(* Fix $\Theta\in\Omega$ and let $\mu$ be as in the setup. Almost surely there exists $L_0\in\mathbb R$ such that for every $l\ge L_0$ and every $0\le\delta\le l$, $$\mu[l,l+\delta]\le 2\delta\,\frac{\mathbb E[\mu[0,l]]}{l}+\frac{13\log l}{l}.$$
   Context: Let $\Omega$ be the set of sequences $\Theta=(\theta_i)_{i\ge 0}$ of nonnegative reals with $\sum_{i\ge0}\theta_i^2=1$, $\theta_1\ge\theta_2\ge\cdots$, and either $\theta_0\ne0$ or $\sum_{i\ge1}\theta_i=\infty$. For $\Theta\in\Omega$, let $(X_i)_{i\ge1}$ be independent exponential random variables with respective rates $\theta_i$ (a rate-$0$ variable equals $+\infty$), and let $\mu:=\theta_0^2\,dx+\sum_{i\ge1}\theta_i\delta_{X_i}$, a random measure on $\mathbb R^+$. *)

theory Defs
  imports "HOL-Probability.Probability"
begin

text \<open>The parameter set Omega: theta 0 is the Lebesgue weight, theta i (i >= 1) the atom weights.\<close>
definition in_Omega :: "(nat \<Rightarrow> real) \<Rightarrow> bool" where
  "in_Omega \<theta> \<longleftrightarrow>
     (\<forall>i. 0 \<le> \<theta> i) \<and>
     (\<lambda>i. (\<theta> i)\<^sup>2) sums 1 \<and>
     (\<forall>i\<ge>1. \<theta> (Suc i) \<le> \<theta> i) \<and>
     (\<theta> 0 \<noteq> 0 \<or> \<not> summable (\<lambda>i. \<theta> (Suc i)))"

definition mu_Icc :: "(nat \<Rightarrow> real) \<Rightarrow> (nat \<Rightarrow> 'a \<Rightarrow> real) \<Rightarrow> 'a \<Rightarrow> real \<Rightarrow> real \<Rightarrow> ennreal" where
  "mu_Icc \<theta> X \<omega> a b =
     ennreal ((\<theta> 0)\<^sup>2 * (b - a)) +
     (\<Sum>i. ennreal (\<theta> (Suc i)) * indicator {a..b} (X (Suc i) \<omega>))"

end

theory Submission
  imports Defs
begin

text \<open>The expected mass of \<open>[0, l]\<close> is \<open>\<theta>\<^sub>0\<^sup>2 l + G l\<close> with
  \<open>G x = \<Sum>\<^sub>i \<theta>\<^sub>i (1 - exp (- \<theta>\<^sub>i x))\<close>, and \<open>G\<close> is increasing with \<open>G x \<le> x\<close>.
  For a fixed interval \<open>[a, a + h]\<close>, a Chernoff bound with parameter \<open>a\<close> over the independent
  atoms gives \<open>P(atomic mass > h G(a) / a + y) \<le> exp (- a y)\<close>; with \<open>y = 5 ln a / a\<close> this is
  \<open>a\<^sup>-\<^sup>5\<close>. For each \<open>n\<close> take the \<open>3 n\<^sup>3\<close> grid intervals with left endpoints \<open>n + j / n\<close>
  (\<open>j < n\<close>) and lengths \<open>k / n\<close> (\<open>k < 3 n\<^sup>2\<close>): the probability that one of them is
  exceptional is at most \<open>3 / n\<^sup>2\<close>, so by Borel--Cantelli almost surely none is, for large
  \<open>n\<close>. Every \<open>[l, l + \<delta>]\<close> with \<open>n \<le> l < n + 1\<close> lies in a grid interval of length at
  most \<open>\<delta> + 2 / n\<close> whose left endpoint is within \<open>1 / n\<close> of \<open>l\<close>, and the rounding errors
  are absorbed into \<open>13 ln l / l\<close>.\<close>

lemma emeasure_exponential_Icc:
  assumes D: "distributed M lborel Y (exponential_density t)"
    and t: "0 < t" and a: "0 \<le> a" and ab: "a \<le> b"
  shows "emeasure M (Y -` {a..b} \<inter> space M) = ennreal (exp (- t * a) - exp (- t * b))"
proof -
  have "emeasure M (Y -` {a..b} \<inter> space M) =
     (\<integral>\<^sup>+x. ennreal (exponential_density t x) * indicator {a..b} x \<partial>lborel)"
    by (rule distributed_emeasure[OF D]) simp
  also have "\<dots> = (\<integral>\<^sup>+x. ennreal (t * exp (- x * t)) * indicator {a..b} x \<partial>lborel)"
    by (rule nn_integral_cong) (use a in \<open>auto simp: exponential_density_def split: split_indicator\<close>)
  also have "\<dots> = ennreal ((\<lambda>x. - exp (- x * t)) b - (\<lambda>x. - exp (- x * t)) a)"
  proof (rule nn_integral_FTC_Icc)
    show "(\<lambda>x. t * exp (- x * t)) \<in> borel_measurable borel" by measurable
    fix x assume "x \<in> {a..b}"
    show "((\<lambda>x. - exp (- x * t)) has_real_derivative t * exp (- x * t)) (at x)"
      by (auto intro!: derivative_eq_intros)
    show "0 \<le> t * exp (- x * t)" using t by simp
  qed fact
  finally show ?thesis by (simp add: mult.commute)
qed

lemma emeasure_less_le_exp_nn_integral:
  fixes f :: "'a \<Rightarrow> real"
  assumes [measurable]: "f \<in> borel_measurable M" and s: "0 \<le> s"
  shows "emeasure M {x\<in>space M. y < f x}
           \<le> ennreal (exp (- s * y)) * (\<integral>\<^sup>+x. ennreal (exp (s * f x)) \<partial>M)"
proof -
  have "emeasure M {x\<in>space M. y < f x} = (\<integral>\<^sup>+x. indicator {x\<in>space M. y < f x} x \<partial>M)"
    by simp
  also have "\<dots> \<le> (\<integral>\<^sup>+x. ennreal (exp (- s * y)) * ennreal (exp (s * f x)) \<partial>M)"
  proof (rule nn_integral_mono)
    fix x
    have "y < f x \<Longrightarrow> 1 \<le> exp (- s * y) * exp (s * f x)"
      using s by (simp add: mult_left_mono flip: exp_add)
    then show "indicator {x\<in>space M. y < f x} x \<le> ennreal (exp (- s * y)) * ennreal (exp (s * f x))"
      by (simp add: indicator_def ennreal_mult'[symmetric])
  qed
  also have "\<dots> = ennreal (exp (- s * y)) * (\<integral>\<^sup>+x. ennreal (exp (s * f x)) \<partial>M)"
    by (rule nn_integral_cmult) measurable
  finally show ?thesis .
qed

text \<open>The Chernoff parameter is tied to the left endpoint: for \<open>s = a\<close> the factor
  \<open>(exp (s t) - 1) exp (- t a)\<close> collapses to \<open>1 - exp (- t a)\<close>.\<close>

lemma (in prob_space) nn_integral_exp_indicator_exponential_le:
  assumes D: "distributed M lborel Y (exponential_density t)"
    and t: "0 < t" and a: "0 \<le> a" and ab: "a \<le> b"
  shows "(\<integral>\<^sup>+\<omega>. ennreal (exp (a * (t * indicator {a..b} (Y \<omega>)))) \<partial>M)
     \<le> ennreal (exp ((b - a) * (t * (1 - exp (- t * a)))))"
proof -
  have [measurable]: "Y \<in> borel_measurable M"
    using distributed_measurable[OF D] by simp
  define c where "c = exp (a * t) - 1"
  have c0: "0 \<le> c" using a t by (simp add: c_def)
  have p0: "0 \<le> exp (- t * a) - exp (- t * b)" using ab t by simp
  have "(\<integral>\<^sup>+\<omega>. ennreal (exp (a * (t * indicator {a..b} (Y \<omega>)))) \<partial>M)
      = (\<integral>\<^sup>+\<omega>. 1 + ennreal c * indicator (Y -` {a..b} \<inter> space M) \<omega> \<partial>M)"
  proof (rule nn_integral_cong)
    have "exp (a * t) = 1 + c" by (simp add: c_def)
    then have "ennreal (exp (a * t)) = 1 + ennreal c"
      using c0 by (simp add: ennreal_plus)
    then show "ennreal (exp (a * (t * indicator {a..b} (Y \<omega>))))
        = 1 + ennreal c * indicator (Y -` {a..b} \<inter> space M) \<omega>" if "\<omega> \<in> space M" for \<omega>
      using that by (auto split: split_indicator)
  qed
  also have "\<dots> = 1 + ennreal c * emeasure M (Y -` {a..b} \<inter> space M)"
    by (subst nn_integral_add) (auto simp: nn_integral_cmult_indicator emeasure_space_1)
  also have "\<dots> = ennreal (1 + c * (exp (- t * a) - exp (- t * b)))"
    using emeasure_exponential_Icc[OF D t a ab] c0 p0
    by (simp add: ennreal_plus ennreal_mult[symmetric])
  also have "\<dots> \<le> ennreal (exp ((b - a) * (t * (1 - exp (- t * a)))))"
  proof (rule ennreal_leI)
    have collapse: "c * (exp (- t * a) - exp (- t * b)) = (1 - exp (- t * a)) * (1 - exp (- t * (b - a)))"
      by (simp add: c_def algebra_simps flip: exp_add)
    have "1 - exp (- t * (b - a)) \<le> t * (b - a)"
      using exp_ge_add_one_self[of "- t * (b - a)"] by simp
    moreover have "0 \<le> 1 - exp (- t * a)" using t a by simp
    ultimately have "(1 - exp (- t * a)) * (1 - exp (- t * (b - a))) \<le> (1 - exp (- t * a)) * (t * (b - a))"
      by (rule mult_left_mono)
    then have "c * (exp (- t * a) - exp (- t * b)) \<le> (b - a) * (t * (1 - exp (- t * a)))"
      unfolding collapse by (simp add: algebra_simps)
    then show "1 + c * (exp (- t * a) - exp (- t * b)) \<le> exp ((b - a) * (t * (1 - exp (- t * a))))"
      by (smt (verit) exp_ge_add_one_self exp_le_cancel_iff)
  qed
  finally show ?thesis .
qed

definition atom_mean :: "(nat \<Rightarrow> real) \<Rightarrow> real \<Rightarrow> real" where
  "atom_mean \<theta> x = (\<Sum>i. \<theta> (Suc i) * (1 - exp (- \<theta> (Suc i) * x)))"

definition atom_mass :: "(nat \<Rightarrow> real) \<Rightarrow> (nat \<Rightarrow> 'a \<Rightarrow> real) \<Rightarrow> real \<Rightarrow> real \<Rightarrow> 'a \<Rightarrow> ennreal" where
  "atom_mass \<theta> X a b \<omega> = (\<Sum>i. ennreal (\<theta> (Suc i)) * indicator {a..b} (X (Suc i) \<omega>))"

lemma in_Omega_nonneg: "in_Omega \<theta> \<Longrightarrow> 0 \<le> \<theta> i"
  by (simp add: in_Omega_def)

lemma in_Omega_atom_squares:
  assumes "in_Omega \<theta>"
  shows "summable (\<lambda>i. (\<theta> (Suc i))\<^sup>2)" and "(\<Sum>i. (\<theta> (Suc i))\<^sup>2) \<le> 1"
proof -
  have s: "(\<lambda>i. (\<theta> i)\<^sup>2) sums 1" using assms by (simp add: in_Omega_def)
  then have sm: "summable (\<lambda>i. (\<theta> i)\<^sup>2)" by (rule sums_summable)
  then show "summable (\<lambda>i. (\<theta> (Suc i))\<^sup>2)" by (subst summable_Suc_iff)
  have "1 = (\<theta> 0)\<^sup>2 + (\<Sum>i. (\<theta> (Suc i))\<^sup>2)"
    using suminf_split_head[OF sm] sums_unique[OF s] by simp
  then show "(\<Sum>i. (\<theta> (Suc i))\<^sup>2) \<le> 1" using zero_le_power2[of "\<theta> 0"] by linarith
qed

lemma atom_mean_term_bounds:
  fixes t x :: real
  assumes "0 \<le> t" "0 \<le> x"
  shows "0 \<le> t * (1 - exp (- t * x))" "t * (1 - exp (- t * x)) \<le> t\<^sup>2 * x"
proof -
  have "exp (- t * x) \<le> 1" using assms by simp
  then show "0 \<le> t * (1 - exp (- t * x))" using assms by simp
  have "1 - exp (- t * x) \<le> t * x" using exp_ge_add_one_self[of "- t * x"] by simp
  then have "t * (1 - exp (- t * x)) \<le> t * (t * x)" using assms by (intro mult_left_mono)
  then show "t * (1 - exp (- t * x)) \<le> t\<^sup>2 * x" by (simp add: power2_eq_square)
qed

----

**Task instructions**
Once the line with "exceptional is at" is found in the records above, print exactly that line and every line after it through the line with "(\<integral>\<^sup>+x. ennreal (exponential_density".

**Answer box**
  exceptional is at most \<open>3 / n\<^sup>2\<close>, so by Borel--Cantelli almost surely none is, for large
  \<open>n\<close>. Every \<open>[l, l + \<delta>]\<close> with \<open>n \<le> l < n + 1\<close> lies in a grid interval of length at
  most \<open>\<delta> + 2 / n\<close> whose left endpoint is within \<open>1 / n\<close> of \<open>l\<close>, and the rounding errors
  are absorbed into \<open>13 ln l / l\<close>.\<close>

lemma emeasure_exponential_Icc:
  assumes D: "distributed M lborel Y (exponential_density t)"
    and t: "0 < t" and a: "0 \<le> a" and ab: "a \<le> b"
  shows "emeasure M (Y -` {a..b} \<inter> space M) = ennreal (exp (- t * a) - exp (- t * b))"
proof -
  have "emeasure M (Y -` {a..b} \<inter> space M) =
     (\<integral>\<^sup>+x. ennreal (exponential_density t x) * indicator {a..b} x \<partial>lborel)"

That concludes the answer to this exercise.